In an earlier update, I wrote about implementing computational graphs to learn new programming languages.  I took the time recently to implement one for Kotlin, as I was having a hard time moving forward in Rust.  Here are some implementation decisions I made and how I feel about them looking back:

Implementing operators as standalone classes.

When I build Aij (the Java compute graph), Rust Compute Graph, and the first revision of CG4j, I had a graph class which contained 'add node'/'add operator' methods which appended lambdas to a big list of operations for forward and reverse nodes.  This meant that the graph class was nice and portable.  I could drop it into new projects and be on my way.  The downside comes from serialization.  When using Java's internal serializer, Lambdas can't get converted, so saving and restoring the graph automatically isn't possible.  Another downside to this is lambdas incur a small performance overhead, from what I see, even in Rust where we incur a heap allocation unnecessarily.  The solution: define an operator or node class and subclass it.

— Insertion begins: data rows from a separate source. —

(* Let $f$ be an L-additive arithmetic function with $h_f(n)\neq0$ for all $n\ge1$. Then for every positive integer $n$, $$\Lambda_f(n)=\sum_{d\mid n}\mu\!\left(\frac nd\right)\frac{f(d)}{h_f(d)}=-\sum_{d\mid n}\frac{\mu(d)f(d)}{h_f(d)},$$ i.e. $\Lambda_f=\mu\ast\frac{f}{h_f}=-\,\mathbf 1\ast\frac{\mu f}{h_f}$.
   Context: An arithmetic function $f$ is L-additive if there is a completely multiplicative arithmetic function $h_f$ such that $f(mn)=f(m)h_f(n)+f(n)h_f(m)$ for all positive integers $m,n$. The generalized von Mangoldt function of $f$ is $\Lambda_f(n)=f(p)/h_f(p)$ if $n=p^k$ for some prime $p$ and integer $k\ge1$, and $\Lambda_f(n)=0$ otherwise. $\mu$ is the Möbius function, $\mathbf 1(n)=1$, and the Dirichlet convolution is $(u\ast v)(n)=\sum_{d\mid n}u(d)v(n/d)$; quotients/products of functions are pointwise. *)

theory Defs
  imports "HOL-Number_Theory.Number_Theory" "HOL-Computational_Algebra.Squarefree" Complex_Main
begin

(* Arithmetic functions are modelled as nat \<Rightarrow> complex; only values at n \<ge> 1 matter. *)

definition completely_multiplicative :: "(nat \<Rightarrow> complex) \<Rightarrow> bool" where
  "completely_multiplicative h \<longleftrightarrow> h 1 = 1 \<and> (\<forall>m n. m \<ge> 1 \<longrightarrow> n \<ge> 1 \<longrightarrow> h (m * n) = h m * h n)"

definition L_additive_with :: "(nat \<Rightarrow> complex) \<Rightarrow> (nat \<Rightarrow> complex) \<Rightarrow> bool" where
  "L_additive_with f h \<longleftrightarrow> completely_multiplicative h \<and>
     (\<forall>m n. m \<ge> 1 \<longrightarrow> n \<ge> 1 \<longrightarrow> f (m * n) = f m * h n + f n * h m)"

definition gen_mangoldt :: "(nat \<Rightarrow> complex) \<Rightarrow> (nat \<Rightarrow> complex) \<Rightarrow> nat \<Rightarrow> complex" where
  "gen_mangoldt f h n =
     (if \<exists>p k. prime p \<and> k \<ge> 1 \<and> n = p ^ k
      then f (THE p. prime p \<and> (\<exists>k\<ge>1. n = p ^ k)) / h (THE p. prime p \<and> (\<exists>k\<ge>1. n = p ^ k))
      else 0)"

definition moebius :: "nat \<Rightarrow> complex" where
  "moebius n = (if n \<ge> 1 \<and> squarefree n then (-1) ^ card (prime_factors n) else 0)"

end

theory Submission
  imports Defs
begin

text \<open>
  The quotient g = f / h is completely additive, and the generalized von Mangoldt function
  takes the value g(p) at p^k. A squarefree divisor of n is the product of a set T of prime
  factors of n, so the sum of mu(d) g(d) over d | n equals the sum over T of (-1)^|T| times
  the sum of g(p) over p in T. Exchanging the sums, the alternating sum over the supersets of
  {p} vanishes unless n is a power of p, which leaves -Lambda_f(n). The other identity follows
  from g(n/d) = g(n) - g(d), g(1) = 0 and the vanishing of the sum of mu(d) over d | n for n > 1.
\<close>

definition completely_additive :: "(nat \<Rightarrow> 'a::comm_monoid_add) \<Rightarrow> bool" where
  "completely_additive g \<longleftrightarrow> (\<forall>a b. a \<ge> 1 \<longrightarrow> b \<ge> 1 \<longrightarrow> g (a * b) = g a + g b)"

lemma completely_additiveD:
  "completely_additive g \<Longrightarrow> a \<ge> 1 \<Longrightarrow> b \<ge> 1 \<Longrightarrow> g (a * b) = g a + g b"
  by (simp add: completely_additive_def)

lemma completely_additive_one:
  fixes g :: "nat \<Rightarrow> 'a::cancel_comm_monoid_add"
  assumes "completely_additive g"
  shows "g 1 = 0"
  using completely_additiveD[OF assms, of 1 1] by simp

lemma completely_additive_prod:
  fixes g :: "nat \<Rightarrow> 'a::cancel_comm_monoid_add"
  assumes "completely_additive g" "finite A" "\<And>x. x \<in> A \<Longrightarrow> a x \<ge> 1"
  shows "g (\<Prod>x\<in>A. a x) = (\<Sum>x\<in>A. g (a x))"
  using assms(2,3)
proof (induction A rule: finite_induct)
  case empty
  show ?case using completely_additive_one[OF assms(1)] by simp
next
  case (insert x A)
  have "(\<Prod>y\<in>A. a y) \<ge> 1"
    using insert.prems by (intro prod_ge_1) auto
  then show ?case
    using insert completely_additiveD[OF assms(1), of "a x" "\<Prod>y\<in>A. a y"] by simp
qed

lemma completely_additive_quotient:
  fixes g :: "nat \<Rightarrow> 'a::ab_group_add"
  assumes "completely_additive g" "d dvd n" "n > 0"
  shows "g (n div d) = g n - g d"
proof -
  obtain k where n: "n = d * k" using assms(2) by blast
  then have "d \<ge> 1" "k \<ge> 1" using assms(3) by auto
  then show ?thesis using n completely_additiveD[OF assms(1), of d k] by simp
qed

lemma completely_additive_divide_L_additive:
  assumes "L_additive_with f h" "\<And>m. m \<ge> 1 \<Longrightarrow> h m \<noteq> 0"
  shows "completely_additive (\<lambda>m. f m / h m)"
  unfolding completely_additive_def
proof (intro allI impI)
  fix a b :: nat assume ab: "a \<ge> 1" "b \<ge> 1"
  then have "f (a * b) = f a * h b + f b * h a" "h (a * b) = h a * h b"
    using assms(1) by (auto simp: L_additive_with_def completely_multiplicative_def)
  then show "f (a * b) / h (a * b) = f a / h a + f b / h b"
    using assms(2)[OF ab(1)] assms(2)[OF ab(2)] by (simp add: field_simps)
qed

lemma gen_mangoldt_altdef:
  "gen_mangoldt f h n = (if primepow n then f (aprimedivisor n) / h (aprimedivisor n) else 0)"
proof (cases "primepow n")
  case True
  then obtain p k where p: "prime p" "k > 0" "n = p ^ k" by (auto simp: primepow_def)
  have "(THE q. prime q \<and> (\<exists>j\<ge>1. n = q ^ j)) = aprimedivisor n"
  proof (rule the_equality)
    show "prime (aprimedivisor n) \<and> (\<exists>j\<ge>1. n = aprimedivisor n ^ j)"
      using p by (auto simp: aprimedivisor_prime_power intro!: exI[of _ k])
  qed (auto simp: aprimedivisor_prime_power)
  moreover have "\<exists>p k. prime p \<and> k \<ge> 1 \<and> n = p ^ k" using p by (intro exI[of _ p] exI[of _ k]) simp
  ultimately show ?thesis using True by (simp add: gen_mangoldt_def)
next
  case False
  then have "\<not> (\<exists>p k. prime p \<and> k \<ge> 1 \<and> n = p ^ k)" by (auto simp: primepow_def Suc_le_eq)
  then have "gen_mangoldt f h n = 0" unfolding gen_mangoldt_def by (rule if_not_P)
  then show ?thesis using False by simp
qed

lemma prime_factors_primepow:
  "primepow n \<Longrightarrow> prime_factors n = {aprimedivisor (n::nat)}"
  by (auto simp: primepow_def prime_factorization_prime_power aprimedivisor_prime_power)

lemma primepow_iff_prime_factors_singleton:
  assumes "n > (0::nat)"
  shows "primepow n \<longleftrightarrow> (\<exists>p. prime_factors n = {p})"
proof
  assume "\<exists>p. prime_factors n = {p}"
  then obtain p where p: "prime_factors n = {p}" by blast
  then have "n = p ^ multiplicity p n" "prime p" "multiplicity p n > 0"
    using prime_factorization_nat[OF assms] by (auto simp: prime_factors_multiplicity)
  then show "primepow n" by (metis primepow_prime_power)
qed (use prime_factors_primepow in blast)

lemma sum_supersets_neg_one_power_card:
  assumes "finite S" "U \<subseteq> S"
  shows "(\<Sum>T | T \<subseteq> S \<and> U \<subseteq> T. (-1::'a::ring_1) ^ card T) = (if U = S then (-1) ^ card S else 0)"
proof (cases "U = S")
  case True
  then have "{T. T \<subseteq> S \<and> U \<subseteq> T} = {S}" by auto
  then show ?thesis using True by simp
next
  case False
  then have "U \<subset> S" using assms(2) by blast
  have "finite {T. T \<subseteq> S \<and> U \<subseteq> T}" using assms(1) by simp
  then show ?thesis
    using False card_subsupersets_even_odd[OF assms(1) \<open>U \<subset> S\<close>]
    by (intro sum_alternating_cancels[THEN trans]) (auto cong: conj_cong)
qed

lemma sum_Pow_neg_one_power_card:
  assumes "finite S"
  shows "(\<Sum>T\<in>Pow S. (-1::'a::ring_1) ^ card T) = (if S = {} then 1 else 0)"
proof -
  have "Pow S = {T. T \<subseteq> S \<and> {} \<subseteq> T}" by auto
  then show ?thesis
    using sum_supersets_neg_one_power_card[OF assms, of "{}"] by (cases "S = {}") auto
qed

lemma sum_Pow_neg_one_power_card_sum:
  fixes G :: "'b \<Rightarrow> 'a::comm_ring_1"
  assumes "finite S"
  shows "(\<Sum>T\<in>Pow S. (-1) ^ card T * sum G T) = - (\<Sum>p\<in>S. if S = {p} then G p else 0)"
proof -
  have "(\<Sum>T\<in>Pow S. (-1) ^ card T * sum G T)
      = (\<Sum>T\<in>Pow S. \<Sum>p | p \<in> S \<and> p \<in> T. (-1) ^ card T * G p)"
    by (intro sum.cong) (auto simp: sum_distrib_left intro!: sum.cong)
  also have "\<dots> = (\<Sum>p\<in>S. \<Sum>T | T \<in> Pow S \<and> p \<in> T. (-1) ^ card T * G p)"
    using assms by (intro sum.swap_restrict) auto
  also have "\<dots> = (\<Sum>p\<in>S. G p * (\<Sum>T | T \<subseteq> S \<and> {p} \<subseteq> T. (-1) ^ card T))"
    by (intro sum.cong) (auto simp: sum_distrib_left mult.commute)
  also have "\<dots> = (\<Sum>p\<in>S. - (if S = {p} then G p else 0))"
  proof (intro sum.cong refl)
    fix p assume "p \<in> S"
    then show "G p * (\<Sum>T | T \<subseteq> S \<and> {p} \<subseteq> T. (-1) ^ card T) = - (if S = {p} then G p else 0)"
      using sum_supersets_neg_one_power_card[OF assms, of "{p}", where 'a='a] \<open>p \<in> S\<close>
      by (cases "S = {p}") auto
  qed
  also have "\<dots> = - (\<Sum>p\<in>S. if S = {p} then G p else 0)"
    by (simp add: sum_negf)
  finally show ?thesis .
qed

lemma prime_factors_prod_primes:
  assumes "finite T" "\<And>p. p \<in> T \<Longrightarrow> prime (p::nat)"
  shows "prime_factors (\<Prod>T) = T"
proof -
  have "prime_factors (\<Prod>T) = \<Union>((prime_factors \<circ> (\<lambda>x. x)) ` T)"
    using assms by (intro prime_factors_prod) (auto dest: prime_gt_0_nat)
  also have "\<dots> = T" using assms by (auto simp: prime_prime_factors)
  finally show ?thesis .
qed

lemma squarefree_prod_primes:
  "finite T \<Longrightarrow> (\<And>p. p \<in> T \<Longrightarrow> prime (p::nat)) \<Longrightarrow> squarefree (\<Prod>T)"
  by (intro squarefree_prod_coprime) (auto simp: primes_coprime squarefree_prime)

lemma squarefree_eq_prod_prime_factors:
  assumes "squarefree (d::nat)"
  shows "d = \<Prod>(prime_factors d)"
proof -
  have d: "d > 0" using assms by (cases d) auto
  have "d = (\<Prod>p \<in> prime_factors d. p ^ multiplicity p d)" using prime_factorization_nat[OF d] .
  also have "\<dots> = \<Prod>(prime_factors d)"
    using assms d by (intro prod.cong) (auto simp: squarefree_factorial_semiring')
  finally show ?thesis .
qed

lemma prod_dvd_if_subset_prime_factors:
  assumes "n > (0::nat)" "T \<subseteq> prime_factors n"
  shows "\<Prod>T dvd n"
proof -
  have "\<Prod>T dvd (\<Prod>p \<in> prime_factors n. p ^ multiplicity p n)"
  proof (rule prod_dvd_prod_subset2)
    fix p assume "p \<in> T"
    then have "multiplicity p n > 0" using assms by (auto simp: prime_factors_multiplicity)
    then show "p dvd p ^ multiplicity p n" by (simp add: dvd_power)
  qed (use assms in auto)
  then show ?thesis using prime_factorization_nat[OF assms(1)] by simp
qed

lemma moebius_prod_primes:
  assumes "finite T" "\<And>p. p \<in> T \<Longrightarrow> prime p"
  shows "moebius (\<Prod>T) = (-1) ^ card T"
proof -
  have "\<Prod>T > 0" using assms(2) by (intro prod_pos) (auto intro: prime_gt_0_nat)
  then show ?thesis
    using prime_factors_prod_primes[OF assms] squarefree_prod_primes[OF assms]
    by (simp add: moebius_def)
qed

lemma sum_dvd_moebius_eq_sum_Pow:
  fixes F :: "nat \<Rightarrow> complex"
  assumes "n > 0"
  shows "(\<Sum>d | d dvd n. moebius d * F d) = (\<Sum>T \<in> Pow (prime_factors n). (-1) ^ card T * F (\<Prod>T))"
proof -
  have "(\<Sum>d | d dvd n. moebius d * F d) = (\<Sum>d | d dvd n \<and> squarefree d. moebius d * F d)"
    using assms by (intro sum.mono_neutral_right) (auto simp: moebius_def)
  also have "\<dots> = (\<Sum>T \<in> Pow (prime_factors n). moebius (\<Prod>T) * F (\<Prod>T))"
  proof (rule sum.reindex_bij_betw[symmetric])
    show "bij_betw Prod (Pow (prime_factors n)) {d. d dvd n \<and> squarefree d}"
    proof (rule bij_betw_byWitness[where f' = prime_factors])
      show "\<forall>T\<in>Pow (prime_factors n). prime_factors (\<Prod>T) = T"
        by (auto intro!: prime_factors_prod_primes intro: finite_subset)
      show "\<forall>d\<in>{d. d dvd n \<and> squarefree d}. \<Prod>(prime_factors d) = d"
        using squarefree_eq_prod_prime_factors by auto
      show "Prod ` Pow (prime_factors n) \<subseteq> {d. d dvd n \<and> squarefree d}"
        using assms
        by (auto intro!: squarefree_prod_primes prod_dvd_if_subset_prime_factors intro: finite_subset)
      show "prime_factors ` {d. d dvd n \<and> squarefree d} \<subseteq> Pow (prime_factors n)"
        using assms dvd_prime_factors[of n] by auto
    qed
  qed
  also have "\<dots> = (\<Sum>T \<in> Pow (prime_factors n). (-1) ^ card T * F (\<Prod>T))"
    by (intro sum.cong refl, subst moebius_prod_primes) (auto intro: finite_subset)
  finally show ?thesis .
qed

lemma sum_dvd_moebius:
  assumes "n > 0"
  shows "(\<Sum>d | d dvd n. moebius d) = (if n = 1 then 1 else 0)"
  using sum_dvd_moebius_eq_sum_Pow[OF assms, of "\<lambda>_. 1"] assms
  by (simp add: sum_Pow_neg_one_power_card prime_factorization_empty_iff)

lemma sum_dvd_moebius_mult_completely_additive:
  assumes "completely_additive g" "n > 0"
  shows "(\<Sum>d | d dvd n. moebius d * g d) = - (if primepow n then g (aprimedivisor n) else 0)"
proof -
  let ?P = "prime_factors n"
  have "(\<Sum>d | d dvd n. moebius d * g d) = (\<Sum>T \<in> Pow ?P. (-1) ^ card T * g (\<Prod>T))"
    using sum_dvd_moebius_eq_sum_Pow[OF assms(2)] .
  also have "\<dots> = (\<Sum>T \<in> Pow ?P. (-1) ^ card T * sum g T)"
    by (intro sum.cong refl, subst completely_additive_prod[OF assms(1)])
       (auto simp: Suc_le_eq intro: finite_subset prime_gt_0_nat dest: in_prime_factors_imp_prime)
  also have "\<dots> = - (\<Sum>p \<in> ?P. if ?P = {p} then g p else 0)"
    by (simp add: sum_Pow_neg_one_power_card_sum)
  also have "(\<Sum>p \<in> ?P. if ?P = {p} then g p else 0) = (if primepow n then g (aprimedivisor n) else 0)"
    using prime_factors_primepow[of n] primepow_iff_prime_factors_singleton[OF assms(2)]
    by (cases "primepow n") auto
  finally show ?thesis .
qed

lemma sum_dvd_moebius_quotient_mult_completely_additive:
  assumes "completely_additive g" "n > 0"
  shows "(\<Sum>d | d dvd n. moebius (n div d) * g d) = (if primepow n then g (aprimedivisor n) else 0)"
proof -
  have "(\<Sum>d | d dvd n. moebius (n div d) * g d) = (\<Sum>d | d dvd n. moebius d * g (n div d))"
    using assms(2)
    by (intro sum.reindex_bij_witness[where i = "\<lambda>d. n div d" and j = "\<lambda>d. n div d"])
       (auto simp: div_div_eq_right)
  also have "\<dots> = (\<Sum>d | d dvd n. moebius d * (g n - g d))"
    using completely_additive_quotient[OF assms(1) _ assms(2)] by (intro sum.cong) auto
  also have "\<dots> = g n * (\<Sum>d | d dvd n. moebius d) - (\<Sum>d | d dvd n. moebius d * g d)"
    by (simp add: algebra_simps sum_subtractf sum_distrib_left)
  also have "\<dots> = (if primepow n then g (aprimedivisor n) else 0)"
    using assms completely_additive_one[OF assms(1)]
    by (simp add: sum_dvd_moebius sum_dvd_moebius_mult_completely_additive)
  finally show ?thesis .
qed

theorem theorem3p2:
  fixes f h :: "nat \<Rightarrow> complex" and n :: nat
  assumes "L_additive_with f h"
    and "\<And>m. m \<ge> 1 \<Longrightarrow> h m \<noteq> 0"
    and "n \<ge> 1"
  shows "gen_mangoldt f h n = (\<Sum>d | d dvd n. moebius (n div d) * (f d / h d)) \<and>
         gen_mangoldt f h n = - (\<Sum>d | d dvd n. moebius d * f d / h d)"
proof -
  have additive: "completely_additive (\<lambda>m. f m / h m)"
    using assms(1,2) by (rule completely_additive_divide_L_additive)
  have "n > 0" using assms(3) by simp
  show ?thesis
    using sum_dvd_moebius_quotient_mult_completely_additive[OF additive \<open>n > 0\<close>]
          sum_dvd_moebius_mult_completely_additive[OF additive \<open>n > 0\<close>]
    by (simp add: gen_mangoldt_altdef)
qed

end
(* Let $\mathcal{R}=(K,\varphi)$ be a rational set of regular languages, with $K\subseteq\Delta^+$ regular and $\varphi:\Delta\to2^{\Sigma^*}$ a regular language substitution such that $\varepsilon\in\varphi(\delta)$ for all $\delta\in\Delta$. Then the set $S(\mathcal{R})=\bigcup_{L\in\mathcal{R}}S(L)$ is finite.
   Context: A regular language substitution is a map $\varphi:\Delta\to2^{\Sigma^*}$ ($\Delta,\Sigma$ alphabets) with each $\varphi(\delta)$ regular, extended to words by $\varphi(\delta\cdot w)=\varphi(\delta)\cdot\varphi(w)$. $(K,\varphi)$ denotes the set $\{\varphi(w)\mid w\in K\}$; such sets with $K\subseteq\Delta^+$ regular are called rational sets of regular languages. For $L\subseteq\Sigma^*$, $S(L)=\{w\in L\setminus\{\varepsilon\}\mid \text{no } w'\in L\setminus\{\varepsilon\} \text{ has } |w'|<|w|\}$. *)

theory Defs
  imports Main
begin

datatype 'a rexp = Zero | One | Atom 'a | Plus "'a rexp" "'a rexp"
  | Times "'a rexp" "'a rexp" | Star "'a rexp"

definition conc :: "'a list set \<Rightarrow> 'a list set \<Rightarrow> 'a list set" where
  "conc A B = {u @ v | u v. u \<in> A \<and> v \<in> B}"

inductive_set star :: "'a list set \<Rightarrow> 'a list set" for A where
  star_Nil: "[] \<in> star A"
| star_app: "u \<in> A \<Longrightarrow> v \<in> star A \<Longrightarrow> u @ v \<in> star A"

fun lang :: "'a rexp \<Rightarrow> 'a list set" where
  "lang Zero = {}"
| "lang One = {[]}"
| "lang (Atom a) = {[a]}"
| "lang (Plus r s) = lang r \<union> lang s"
| "lang (Times r s) = conc (lang r) (lang s)"
| "lang (Star r) = star (lang r)"

definition regular :: "'a list set \<Rightarrow> bool" where
  "regular L \<longleftrightarrow> (\<exists>r. lang r = L)"

fun subst_word :: "('d \<Rightarrow> 's list set) \<Rightarrow> 'd list \<Rightarrow> 's list set" where
  "subst_word \<phi> [] = {[]}"
| "subst_word \<phi> (d # w) = conc (\<phi> d) (subst_word \<phi> w)"

definition shortest :: "'a list set \<Rightarrow> 'a list set" where
  "shortest L = {w \<in> L - {[]}. \<not> (\<exists>w' \<in> L - {[]}. length w' < length w)}"

end

theory Submission
  imports Defs
begin

text \<open>Since every \<open>\<phi> \<delta>\<close> contains the empty word, \<open>\<phi> w\<close> contains \<open>\<phi> \<delta>\<close> for every letter
  \<open>\<delta>\<close> of \<open>w\<close>. A nonempty word of \<open>\<phi> w\<close> has a nonempty factor in some \<open>\<phi> \<delta>\<close>, so a shortest
  nonempty word of \<open>\<phi> w\<close> is no longer than a fixed nonempty word of that \<open>\<phi> \<delta>\<close>. With finitely
  many letters this bounds the length of all words in \<open>S(\<R>)\<close> uniformly, and over a finite
  alphabet there are only finitely many words of bounded length.\<close>

lemma shortest_length_le: "x \<in> shortest L \<Longrightarrow> u \<in> L - {[]} \<Longrightarrow> length x \<le> length u"
  unfolding shortest_def by (auto simp: not_less)

lemma Nil_in_subst_word:
  assumes "\<And>d. [] \<in> \<phi> d"
  shows "[] \<in> subst_word \<phi> w"
  by (induction w) (use assms in \<open>auto simp: conc_def\<close>)

lemma subset_subst_word:
  assumes "\<And>d. [] \<in> \<phi> d" and "d \<in> set w"
  shows "\<phi> d \<subseteq> subst_word \<phi> w"
  using assms(2)
proof (induction w)
  case Nil
  then show ?case by simp
next
  case (Cons a w)
  show ?case
  proof
    fix u assume u: "u \<in> \<phi> d"
    show "u \<in> subst_word \<phi> (a # w)"
    proof (cases "d = a")
      case True
      then have "u @ [] \<in> conc (\<phi> a) (subst_word \<phi> w)"
        unfolding conc_def using u Nil_in_subst_word[of \<phi> w, OF assms(1)] by blast
      then show ?thesis by simp
    next
      case False
      with Cons.prems Cons.IH u have "u \<in> subst_word \<phi> w"
        by auto
      then have "[] @ u \<in> conc (\<phi> a) (subst_word \<phi> w)"
        unfolding conc_def using assms(1) by blast
      then show ?thesis by simp
    qed
  qed
qed

lemma nonempty_in_subst_word_imp:
  assumes "x \<in> subst_word \<phi> w" and "x \<noteq> []"
  shows "\<exists>d \<in> set w. \<phi> d - {[]} \<noteq> {}"
  using assms
proof (induction w arbitrary: x)
  case Nil
  then show ?case by simp
next
  case (Cons a w)
  then obtain u v where "x = u @ v" "u \<in> \<phi> a" "v \<in> subst_word \<phi> w"
    by (auto simp: conc_def)
  with Cons show ?case by (cases "u = []") auto
qed

lemma shortest_subst_word_length_le:
  assumes "\<And>d. [] \<in> \<phi> d"
    and "\<And>d. \<phi> d - {[]} \<noteq> {} \<Longrightarrow> c d \<in> \<phi> d - {[]}"
    and "x \<in> shortest (subst_word \<phi> w)"
  shows "\<exists>d \<in> set w. length x \<le> length (c d)"
proof -
  have "x \<in> subst_word \<phi> w" "x \<noteq> []"
    using assms(3) by (auto simp: shortest_def)
  then obtain d where d: "d \<in> set w" "\<phi> d - {[]} \<noteq> {}"
    using nonempty_in_subst_word_imp by metis
  then have "c d \<in> subst_word \<phi> w - {[]}"
    using assms(2)[of d] subset_subst_word[of \<phi>, OF assms(1) d(1)] by blast
  then have "length x \<le> length (c d)"
    using shortest_length_le[OF assms(3)] by blast
  with d(1) show ?thesis ..
qed

lemma finite_shortest_subst_word:
  fixes W :: "'d::finite list set" and \<phi> :: "'d \<Rightarrow> 's::finite list set"
  assumes "\<And>d. [] \<in> \<phi> d"
  shows "finite (\<Union>L \<in> subst_word \<phi> ` W. shortest L)"
proof -
  define c where "c d = (SOME u. u \<in> \<phi> d - {[]})" for d
  have c: "c d \<in> \<phi> d - {[]}" if "\<phi> d - {[]} \<noteq> {}" for d
    unfolding c_def by (rule someI_ex) (use that in blast)
  define M where "M = Max (range (\<lambda>d. length (c d)))"
  have "(\<Union>L \<in> subst_word \<phi> ` W. shortest L) \<subseteq> {xs. set xs \<subseteq> UNIV \<and> length xs \<le> M}"
  proof
    fix x assume "x \<in> (\<Union>L \<in> subst_word \<phi> ` W. shortest L)"
    then obtain w where "x \<in> shortest (subst_word \<phi> w)"
      by blast
    then obtain d where "length x \<le> length (c d)"
      using shortest_subst_word_length_le[of \<phi> c] assms c by blast
    also have "\<dots> \<le> M"
      unfolding M_def by (rule Max_ge) auto
    finally show "x \<in> {xs. set xs \<subseteq> UNIV \<and> length xs \<le> M}"
      by simp
  qed
  moreover have "finite {xs::'s list. set xs \<subseteq> UNIV \<and> length xs \<le> M}"
    by (rule finite_lists_length_le) simp
  ultimately show ?thesis
    by (rule finite_subset)
qed

theorem corollary1:
  fixes K :: "'d::finite list set" and \<phi> :: "'d \<Rightarrow> 's::finite list set"
  assumes "regular K"
    and "[] \<notin> K"
    and "\<And>\<delta>. regular (\<phi> \<delta>)"
    and "\<And>\<delta>. [] \<in> \<phi> \<delta>"
  shows "finite (\<Union>L \<in> subst_word \<phi> ` K. shortest L)"
  using finite_shortest_subst_word[OF assms(4)] .

end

Returning Nodes or Integers?

Depending on whether you opt to use nodes or node indices, you might find yourself passing either a node index and a graph pointer to your constructors OR a node.  Passing around a graph is inconvenient, especially if you have to load one from disk.  It means you need to deal with the whole chicken-and-egg thing.  Passing around a node is easier by far, but it means you have to handle saving out the nodes which might exist on multiple paths and, more problematically...

Recursively computing the forward propagation calls.

One thing I did do correctly in the Rust implementation was calculating the nodes in order.  Each node had an ID/index, and when doing forward-prop I'd just iterate from left-to-right across the node list and calculate each one.  In the Kotlin implementation, I opted to memoize and recursively compute the nodes.  That shouldn't have been an issue, in theory, since I was caching results, but the function calls aren't free, and it means getting stack-traces like this:

 at com.josephcatrambone.cg4j.Tensor.add_i(Tensor.kt:256)
 at com.josephcatrambone.cg4j.AddNode.forwardOperation(Node.kt:87)
 at com.josephcatrambone.cg4j.Graph.forward(Graph.kt:33)
 at com.josephcatrambone.cg4j.Graph.forward(Graph.kt:30)
 at com.josephcatrambone.cg4j.Graph.forward(Graph.kt:30)
 at com.josephcatrambone.cg4j.Graph.forward(Graph.kt:30)
 at com.josephcatrambone.cg4j.Graph.forward(Graph.kt:30)
 at com.josephcatrambone.cg4j.Graph.forward(Graph.kt:30)
 at com.josephcatrambone.cg4j.Graph.forward$default(Graph.kt:19)
 at com.josephcatrambone.cg4j.RNN.predict(RNN.kt:129)
 at com.josephcatrambone.cg4j.RNN.predict$default(RNN.kt:97)
 at com.josephcatrambone.cg4j.MainKt.testRNN(Main.kt:107)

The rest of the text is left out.